Q - Le Premier ministre se félicite de la levée d'immunité du général Pinochet en disant : les dictateurs ont du souci à se faire. Et après, on reçoit avec les fastes de la République L.-D. Kabila. N'y a-t-il pas là une sorte de double langage ?
« C'est une bonne nouvelle, en effet, que les crimes ne restent pas impunis, même beaucoup plus tard ; et que personne ne puisse y échapper. Je ne pense pas qu'il y ait, là, contradiction. S'il y a, parmi les chefs d'État invités, des dictateurs, et qu'ils s'y reconnaissent, ils apprécieront d'autant mieux.
Q - Cela veut dire que ça peut être un message indirect pour le président Kabila ?
« Je pense que ça peut être un message pour tout responsable politique qui doit savoir, qu'un jour ou l'autre, il peut payer les crimes qu'il aurait commis.
Q - Vous vous félicitez de la création – qu'on attend toujours mais qui devrait arriver – de la Cour criminelle internationale ?
« Bien sûr ! La France a oeuvré pour qu'elle se mette en place. Et, de ce point de vue, c'est quand même un très grand progrès. »

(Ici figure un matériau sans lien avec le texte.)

lemma elem_sym_insert:
  assumes "finite C" "v \<notin> C"
  shows "elem_sym x (insert v C) (Suc k) = elem_sym x C (Suc k) + x v * elem_sym x C k"
proof -
  have fresh: "finite T" "v \<notin> T" if "T \<subseteq> C" for T
    using that assms finite_subset by auto
  then have card_insert: "card (insert v T) = Suc (card T)" if "T \<subseteq> C" for T
    using that by simp
  have split: "{S. S \<subseteq> insert v C \<and> card S = Suc k}
      = {S. S \<subseteq> C \<and> card S = Suc k} \<union> insert v ` {S. S \<subseteq> C \<and> card S = k}"
    unfolding subset_insert_lemma using card_insert by auto
  have "inj_on (insert v) {S. S \<subseteq> C \<and> card S = k}"
    using fresh by (intro inj_onI) (metis Diff_insert_absorb mem_Collect_eq)
  moreover have "(\<Prod>i\<in>insert v S. x i) = x v * (\<Prod>i\<in>S. x i)" if "S \<subseteq> C" for S
    using fresh[OF that] by simp
  ultimately have "(\<Sum>S\<in>insert v ` {S. S \<subseteq> C \<and> card S = k}. \<Prod>i\<in>S. x i) = x v * elem_sym x C k"
    by (simp add: sum.reindex elem_sym_def sum_distrib_left)
  moreover have "{S. S \<subseteq> C \<and> card S = Suc k} \<inter> insert v ` {S. S \<subseteq> C \<and> card S = k} = {}"
    using assms(2) by auto
  ultimately show ?thesis
    unfolding elem_sym_def split using assms(1) finite_subsets_card
    by (simp add: sum.union_disjoint)
qed

lemma sum_prod_list_distinct_lists:
  assumes "finite C"
  shows "(\<Sum>xs | distinct xs \<and> length xs = k \<and> set xs \<subseteq> C. prod_list (map x xs)) = fact k * elem_sym x C k"
proof -
  let ?L = "{xs. distinct xs \<and> length xs = k \<and> set xs \<subseteq> C}"
  let ?T = "{S. S \<subseteq> C \<and> card S = k}"
  have "finite ?L"
    by (rule finite_subset[OF _ finite_lists_length_eq[OF assms, of k]]) auto
  moreover have "set ` ?L \<subseteq> ?T"
    by (auto simp: distinct_card)
  ultimately have "(\<Sum>S\<in>?T. \<Sum>xs | xs \<in> ?L \<and> set xs = S. prod_list (map x xs))
      = (\<Sum>xs\<in>?L. prod_list (map x xs))"
    by (rule sum.group[OF _ finite_subsets_card[OF assms]])
  then have "(\<Sum>xs\<in>?L. prod_list (map x xs))
      = (\<Sum>S\<in>?T. \<Sum>xs | xs \<in> ?L \<and> set xs = S. prod_list (map x xs))"
    by (rule sym)
  also have "\<dots> = (\<Sum>S\<in>?T. fact k * (\<Prod>i\<in>S. x i))"
  proof (rule sum.cong[OF refl])
    fix S
    assume S: "S \<in> ?T"
    then have "{xs. xs \<in> ?L \<and> set xs = S} = permutations_of_set S"
      by (auto simp: permutations_of_set_def distinct_card)
    moreover have "prod_list (map x xs) = (\<Prod>i\<in>S. x i)" if "xs \<in> permutations_of_set S" for xs
      using that by (auto simp: permutations_of_set_def prod.distinct_set_conv_list)
    ultimately show "(\<Sum>xs | xs \<in> ?L \<and> set xs = S. prod_list (map x xs)) = fact k * (\<Prod>i\<in>S. x i)"
      using S finite_subset[OF _ assms] by (simp add: card_permutations_of_set)
  qed
  also have "\<dots> = fact k * elem_sym x C k"
    by (simp add: elem_sym_def sum_distrib_left)
  finally show ?thesis .
qed

lemma six_length_gt_iff_distinct:
  assumes "finite S" "f ` S \<subseteq> S" "v \<in> S"
  shows "k < six_length f v \<longleftrightarrow> distinct (v # map (\<lambda>i. (f ^^ Suc i) v) [0..<k])"
proof -
  have "k < six_length f v \<longleftrightarrow> inj_on (\<lambda>i. (f ^^ i) v) {..k}"
    by (rule six_length_gt_iff_inj[OF assms])
  also have "\<dots> \<longleftrightarrow> distinct (map (\<lambda>i. (f ^^ i) v) [0..<Suc k])"
    by (simp only: distinct_map distinct_upt set_upt atLeast0LessThan lessThan_Suc_atMost simp_thms)
  also have "map (\<lambda>i. (f ^^ i) v) [0..<Suc k] = v # map (\<lambda>i. (f ^^ Suc i) v) [0..<k]"
    by (simp only: map_upt_Suc) simp
  finally show ?thesis .
qed
(* Let $E$ be a fixed-point equation system whose interpretation restricts to a map $[\![E]\!]_{\le 1}\colon\mathbb{E}_{\le 1}(D)\to\mathbb{E}_{\le 1}(D)$. Then for every $d\in D$ and every $\epsilon>0$ there exists $\eta'\in\mathbb{E}(D)$ with $\mu[\![E]\!]_{\le 1}(d)-\epsilon<\eta'(d)\le\mu[\![E]\!]_{\le 1}(d)$ such that there exist: a fixed-point equation system $E'$ over the same predicate variables with $[\![E']\!]\le[\![E]\!]$; $u\in\mathbb{E}(D)$ with $[\![E']\!](u)\le u$; a function $r\colon D\to[0,\infty)$ with $(\mathsf{D}[\![E']\!])(r)+u\le r$; and such that $\eta'\le u$ and $\eta'\le[\![E']\!](\eta')$.
   Context: $\mathbb{E}(D)$ is the set of functions $D\to[0,\infty]$ with pointwise order and operations ($\infty+x=\infty$, $0\cdot\infty=0$, $r\cdot\infty=\infty$ for $r>0$); $\mathbb{E}_{\le 1}(D)$ is the subset of functions $D\to[0,1]$; for $x\ge y$ in $[0,\infty]$, $x-y$ is the least $z$ with $x=y+z$; $\mathbb{O}$ is the zero function; $(\mathsf{D}K)(\eta)=K(\eta)-K(\mathbb{O})$; $\mu$ denotes least fixed point. Quantitative formulas over predicate variables $X_1,\dots,X_n$ ($X_j$ of type $D_j\to\Omega$): $F ::= X_j(\tilde e)\mid t\mid F_1+F_2\mid t\cdot F\mid \mathbf{if}\ \varphi\ \mathbf{then}\ F_1\ \mathbf{else}\ F_2$ with $\tilde e$ expressions, $t$ a $[0,\infty)$-valued term, $\varphi$ boolean; interpreted by $[\![X_j(e)]\!](\eta)(v)=\eta_j([\![e]\!](v))$, $[\![t]\!](\eta)(v)=[\![t]\!](v)$, pointwise sum and scalar product, case distinction for conditionals. A fixed-point equation system $E=\{X_i(\tilde x_i)=_\mu F_i\}_{i=1}^n$ has interpretation $[\![E]\!](\eta)=([\![F_1]\!](\eta),\dots,[\![F_n]\!](\eta))$ on $\mathbb{E}(D)$, $D=\coprod_j D_j$. (The existence of the data $E',u,r$ with the stated conditions is what the paper calls provability of $\eta'\le\mu[\![E]\!]$ by its proof rule.) *)

theory Defs
  imports "HOL-Library.Extended_Nonnegative_Real"
begin

text \<open>The domain D is the coproduct of the D_j, represented as a
type 'd together with a map summand :: 'd => 'i telling which summand D_j an element lies in.
An atom X_j(e) is given by its (semantic) expression e, which maps the values of the
argument variables (an element of D) to an element of D_j, i.e. of D.
Terms t are semantic [0,\<infinity>)-valued functions, guards are semantic boolean functions.\<close>

datatype 'd qform =
    Atom "'d \<Rightarrow> 'd"
  | Term "'d \<Rightarrow> ennreal"
  | Plus "'d qform" "'d qform"
  | Scale "'d \<Rightarrow> ennreal" "'d qform"
  | Ite "'d \<Rightarrow> bool" "'d qform" "'d qform"
(* Let $A\in\mathbb{Z}^{d\times n}$, $\mathbf{b}\in\mathbb{Z}^d$, $\mathbf{c}\in\mathbb{Z}^n$, $\mathbf{u}\in\mathbb{Z}_{\ge0}^n$. Let $\mathbf{x}_k$ be feasible, let $\alpha\mathbf{s}$ be a steepest-descent augmentation relative to $\mathbf{x}_k$, and let $\mathbf{x}_{k+1}:=\mathbf{x}_k+\alpha\mathbf{s}$. Let $\beta\mathbf{t}$ be a steepest-descent augmentation relative to $\mathbf{x}_{k+1}$. Then $-\mathbf{c}^\top\mathbf{s}/\|\mathbf{s}\|_1\ \ge\ -\mathbf{c}^\top\mathbf{t}/\|\mathbf{t}\|_1$.
   Context: Feasible means $A\mathbf{x}=\mathbf{b}$, $\mathbf{0}\le\mathbf{x}\le\mathbf{u}$, $\mathbf{x}\in\mathbb{Z}^n$. A steepest-descent augmentation relative to a feasible $\mathbf{x}$ is $\alpha\mathbf{s}$ where $\mathbf{s}\in\mathbb{Z}^n\setminus\{\mathbf{0}\}$, $A\mathbf{s}=\mathbf{0}$, $\mathbf{c}^\top\mathbf{s}<0$, $\alpha$ is a positive integer with $\mathbf{x}+\alpha\mathbf{s}$ feasible, and $-\mathbf{c}^\top\mathbf{s}/\|\mathbf{s}\|_1\ge-\mathbf{c}^\top\mathbf{z}/\|\mathbf{z}\|_1$ for every $\mathbf{z}\in\mathbb{Z}^n\setminus\{\mathbf{0}\}$ with $A\mathbf{z}=\mathbf{0}$ and $\mathbf{x}+\mathbf{z}$ feasible. *)

theory Defs
  imports "HOL-Analysis.Analysis"
begin

definition feasible :: "int ^ 'n ^ 'd \<Rightarrow> int ^ 'd \<Rightarrow> int ^ 'n \<Rightarrow> int ^ 'n \<Rightarrow> bool" where
  "feasible A b u x \<longleftrightarrow> A *v x = b \<and> (\<forall>i. 0 \<le> x $ i \<and> x $ i \<le> u $ i)"

definition l1norm :: "int ^ 'n \<Rightarrow> int" where
  "l1norm s = (\<Sum>i\<in>UNIV. \<bar>s $ i\<bar>)"

definition cdot :: "int ^ 'n \<Rightarrow> int ^ 'n \<Rightarrow> int" where
  "cdot c s = (\<Sum>i\<in>UNIV. c $ i * s $ i)"

definition descent_ratio :: "int ^ 'n \<Rightarrow> int ^ 'n \<Rightarrow> real" where
  "descent_ratio c s = - real_of_int (cdot c s) / real_of_int (l1norm s)"

definition steepest_descent_aug ::
  "int ^ 'n ^ 'd \<Rightarrow> int ^ 'd \<Rightarrow> int ^ 'n \<Rightarrow> int ^ 'n \<Rightarrow> int ^ 'n \<Rightarrow> int \<Rightarrow> int ^ 'n \<Rightarrow> bool" where
  "steepest_descent_aug A b c u x \<alpha> s \<longleftrightarrow>
     s \<noteq> 0 \<and> A *v s = 0 \<and> cdot c s < 0 \<and> \<alpha> > 0 \<and>
     feasible A b u (x + of_int \<alpha> * s) \<and>
     (\<forall>z. z \<noteq> 0 \<and> A *v z = 0 \<and> feasible A b u (x + z) \<longrightarrow>
          descent_ratio c s \<ge> descent_ratio c z)"

end

theory Submission
  imports Defs
begin

(* Suppose the second direction t were strictly steeper than s.
   The two augmentations performed one after the other, z = alpha s + beta t,
   lead from x_k to the feasible point x_k + alpha s + beta t, so z is itself a
   candidate direction at x_k and, by steepness of s, its descent ratio is at
   most that of s.  On the other hand the descent ratio of a positive
   combination of two improving directions is at least the mediant of their
   ratios: c^T is linear and the l1-norm is subadditive, so
   ratio(z) >= (alpha a + beta b) / (alpha p + beta q) > a / p = ratio(s),
   where a, b are the improvements and p, q the norms of s and t. *)

lemma of_int_vec_index: "(of_int a :: 'a::ring_1 ^ 'n) $ i = of_int a"
proof (cases a rule: int_cases)
  case (nonneg m)
  then show ?thesis by (simp add: of_nat_index)
next
  case (neg m)
  then have "(of_int a :: 'a ^ 'n) = - of_nat (Suc m)" by simp
  then show ?thesis using neg by (simp add: of_nat_index)
qed

lemma matrix_vector_mult_combination:
  "(A :: 'a::comm_ring_1 ^ 'n ^ 'd) *v (of_int a * s + of_int b * t)
     = of_int a * (A *v s) + of_int b * (A *v t)"
  by (simp add: vec_eq_iff matrix_vector_mult_def of_int_vec_index
      sum.distrib sum_distrib_left algebra_simps)

lemma cdot_combination: "cdot c (of_int a * s + of_int b * t) = a * cdot c s + b * cdot c t"
  by (simp add: cdot_def of_int_vec_index sum.distrib sum_distrib_left algebra_simps)

lemma l1norm_combination_le:
  assumes "a \<ge> 0" "b \<ge> 0"
  shows "l1norm (of_int a * s + of_int b * t) \<le> a * l1norm s + b * l1norm t"
proof -
  have "\<bar>a * s $ i + b * t $ i\<bar> \<le> a * \<bar>s $ i\<bar> + b * \<bar>t $ i\<bar>" for i
    using assms by (metis abs_mult abs_of_nonneg abs_triangle_ineq)
  then show ?thesis unfolding l1norm_def
    by (simp add: of_int_vec_index sum_distrib_left sum.distrib[symmetric] sum_mono)
qed

lemma l1norm_pos: "s \<noteq> 0 \<Longrightarrow> l1norm s > 0"
proof -
  assume "s \<noteq> 0"
  then obtain i where "s $ i \<noteq> 0" by (auto simp: vec_eq_iff)
  then have "0 < \<bar>s $ i\<bar>" by simp
  also have "\<dots> \<le> l1norm s" unfolding l1norm_def by (rule member_le_sum) auto
  finally show ?thesis .
qed

lemma mediant_gt:
  fixes a b p q \<alpha> \<beta> :: real
  assumes "p > 0" "q > 0" "\<alpha> > 0" "\<beta> > 0" and "a / p < b / q"
  shows "a / p < (\<alpha> * a + \<beta> * b) / (\<alpha> * p + \<beta> * q)"
proof -
  have "a * q < b * p" using assms by (simp add: divide_less_eq less_divide_eq mult.commute)
  then have "\<beta> * (a * q) < \<beta> * (b * p)" using \<open>\<beta> > 0\<close> by simp
  then have "a * (\<alpha> * p + \<beta> * q) < (\<alpha> * a + \<beta> * b) * p" by (simp add: algebra_simps)
  moreover have "\<alpha> * p + \<beta> * q > 0" using assms by (simp add: add_pos_pos)
  ultimately show ?thesis using \<open>p > 0\<close> by (simp add: divide_less_eq less_divide_eq)
qed

text \<open>If t is strictly steeper than a non-worsening direction s, then every
  positive combination of s and t is strictly steeper than s; by
  subadditivity of the norm its ratio is at least the mediant of the two ratios.\<close>

lemma descent_ratio_combination_gt:
  fixes c s t :: "int ^ 'n" and \<alpha> \<beta> :: int
  assumes "\<alpha> > 0" "\<beta> > 0" "s \<noteq> 0" "t \<noteq> 0" "cdot c s \<le> 0"
    and steeper: "descent_ratio c s < descent_ratio c t"
  shows "descent_ratio c s < descent_ratio c (of_int \<alpha> * s + of_int \<beta> * t)"
proof -
  define z where "z = of_int \<alpha> * s + of_int \<beta> * t"
  define a where "a = real_of_int (- cdot c s)"
  define b where "b = real_of_int (- cdot c t)"
  define p where "p = real_of_int (l1norm s)"
  define q where "q = real_of_int (l1norm t)"
  have pos: "p > 0" "q > 0" using assms l1norm_pos by (auto simp: p_def q_def)
  have ratio_s: "descent_ratio c s = a / p" by (simp add: descent_ratio_def a_def p_def)
  have ratio_t: "descent_ratio c t = b / q" by (simp add: descent_ratio_def b_def q_def)
  have "a \<ge> 0" using \<open>cdot c s \<le> 0\<close> by (simp add: a_def)
  then have "b / q > 0" using steeper pos ratio_s ratio_t by (smt (verit) divide_nonneg_pos)
  then have "b > 0" using pos by (simp add: zero_less_divide_iff)
  define N where "N = \<alpha> * a + \<beta> * b"
  have "N > 0" using \<open>a \<ge> 0\<close> \<open>b > 0\<close> assms by (simp add: N_def add_nonneg_pos)
  have objective_z: "real_of_int (cdot c z) = - N"
    unfolding z_def cdot_combination by (simp add: N_def a_def b_def)
  then have ratio_z: "descent_ratio c z = N / real_of_int (l1norm z)"
    by (simp add: descent_ratio_def)
  have "cdot c z < 0" using objective_z \<open>N > 0\<close> by linarith
  then have "z \<noteq> 0" by (auto simp: cdot_def)
  then have norm_z_pos: "real_of_int (l1norm z) > 0" using l1norm_pos by simp
  have "real_of_int (l1norm z) \<le> \<alpha> * p + \<beta> * q"
    using l1norm_combination_le[of \<alpha> \<beta> s t] assms unfolding z_def p_def q_def
    by (metis less_imp_le of_int_add of_int_le_iff of_int_mult)
  then have "N / (\<alpha> * p + \<beta> * q) \<le> N / real_of_int (l1norm z)"
    using \<open>N > 0\<close> norm_z_pos by (intro frac_le) auto
  moreover have "a / p < N / (\<alpha> * p + \<beta> * q)"
    unfolding N_def using mediant_gt pos assms steeper ratio_s ratio_t by simp
  ultimately have "descent_ratio c s < descent_ratio c z" unfolding ratio_s ratio_z by linarith
  then show ?thesis by (simp add: z_def)
qed

lemma consecutive_augmentations_candidate:
  assumes S: "steepest_descent_aug A b c u x \<alpha> s"
    and T: "steepest_descent_aug A b c u (x + of_int \<alpha> * s) \<beta> t"
  defines "z \<equiv> of_int \<alpha> * s + of_int \<beta> * t"
  shows "z \<noteq> 0" "A *v z = 0" "feasible A b u (x + z)"
proof -
  have "cdot c z < 0"
    using S T unfolding z_def cdot_combination steepest_descent_aug_def
    by (smt (verit) mult_pos_neg)
  then show "z \<noteq> 0" by (auto simp: cdot_def)
  show "A *v z = 0"
    using S T unfolding z_def matrix_vector_mult_combination steepest_descent_aug_def by simp
  show "feasible A b u (x + z)"
    using T unfolding z_def steepest_descent_aug_def by (simp add: add.assoc)
qed

theorem lemma4:
  fixes A :: "int ^ 'n ^ 'd" and b :: "int ^ 'd" and c u xk s t :: "int ^ 'n"
    and \<alpha> \<beta> :: int
  assumes "\<forall>i. 0 \<le> u $ i"
    and "feasible A b u xk"
    and "steepest_descent_aug A b c u xk \<alpha> s"
    and "steepest_descent_aug A b c u (xk + of_int \<alpha> * s) \<beta> t"
  shows "descent_ratio c s \<ge> descent_ratio c t"
proof (rule ccontr)
  assume "\<not> ?thesis"
  then have steeper: "descent_ratio c s < descent_ratio c t" by simp
  note S = assms(3)[unfolded steepest_descent_aug_def]
  note T = assms(4)[unfolded steepest_descent_aug_def]
  define z where "z = of_int \<alpha> * s + of_int \<beta> * t"
  have "z \<noteq> 0 \<and> A *v z = 0 \<and> feasible A b u (xk + z)"
    using consecutive_augmentations_candidate[OF assms(3,4)] by (simp add: z_def)
  then have "descent_ratio c z \<le> descent_ratio c s" using S by blast
  moreover have "descent_ratio c s < descent_ratio c z"
    unfolding z_def using S T steeper by (intro descent_ratio_combination_gt) auto
  ultimately show False by simp
qed

end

Q - Nous, pays occidentaux, n'avons-nous pas une grande responsabilité dans le maintien au pouvoir des gens qui ne sont pas de grands démocrates ? On pense à Bokassa en Centre Afrique, Mobutu au Zaïre, I. Amin Dada en Ouganda. Vous parlez de ceux qui ne sont plus au pouvoir, et dont on peut plus facilement évoquer la situation ?
« C'est pour cela qu'il faut changer la politique africaine de la France. C'est pour cela aussi que nous avons entrepris la réforme de la coopération française. J'espère bien que le précepte que Jospin avait mis en avant – ni ingérence, ni impuissance – va être désormais totalement respecté. »
Q - Est-ce que la présence de M. Kabila permettra, au moins, d'avancer sur le conflit extrêmement difficile et extrêmement meurtrier qu'est celui des Grands-lacs ? Est-ce qu'il peut y avoir l'ébauche d'une solution ?
« Un conflit qui s'est totalement internationalisé et qui inquiète beaucoup, non seulement les voisins du Congo démocratique, mais pratiquement tous les Africains. Parce que l'implosion de ce pays remettrait sur les routes d'Afrique des centaines de milliers de réfugiés. Et cela, tous les pays africains le redoutent. Je peux simplement dire que les conversations privées que nous avons en ce moment, font état de négociations et de médiations qui pourraient aboutir, heureusement, dans le courant du mois de décembre. Il reste encore à vaincre quelques résistances. Mais j'ai bon espoir, dans le courant du mois de décembre, que le Conseil de sécurité pourrait être saisi d'un protocole de cessez-le-feu qui confirmerait l'accord intervenu entre l'ensemble des partis en conflit. »
Q - La particularité de ce sommet est que, cette année, il n'y a pas que des pays francophones. C'est toute l'Afrique qui est représentée.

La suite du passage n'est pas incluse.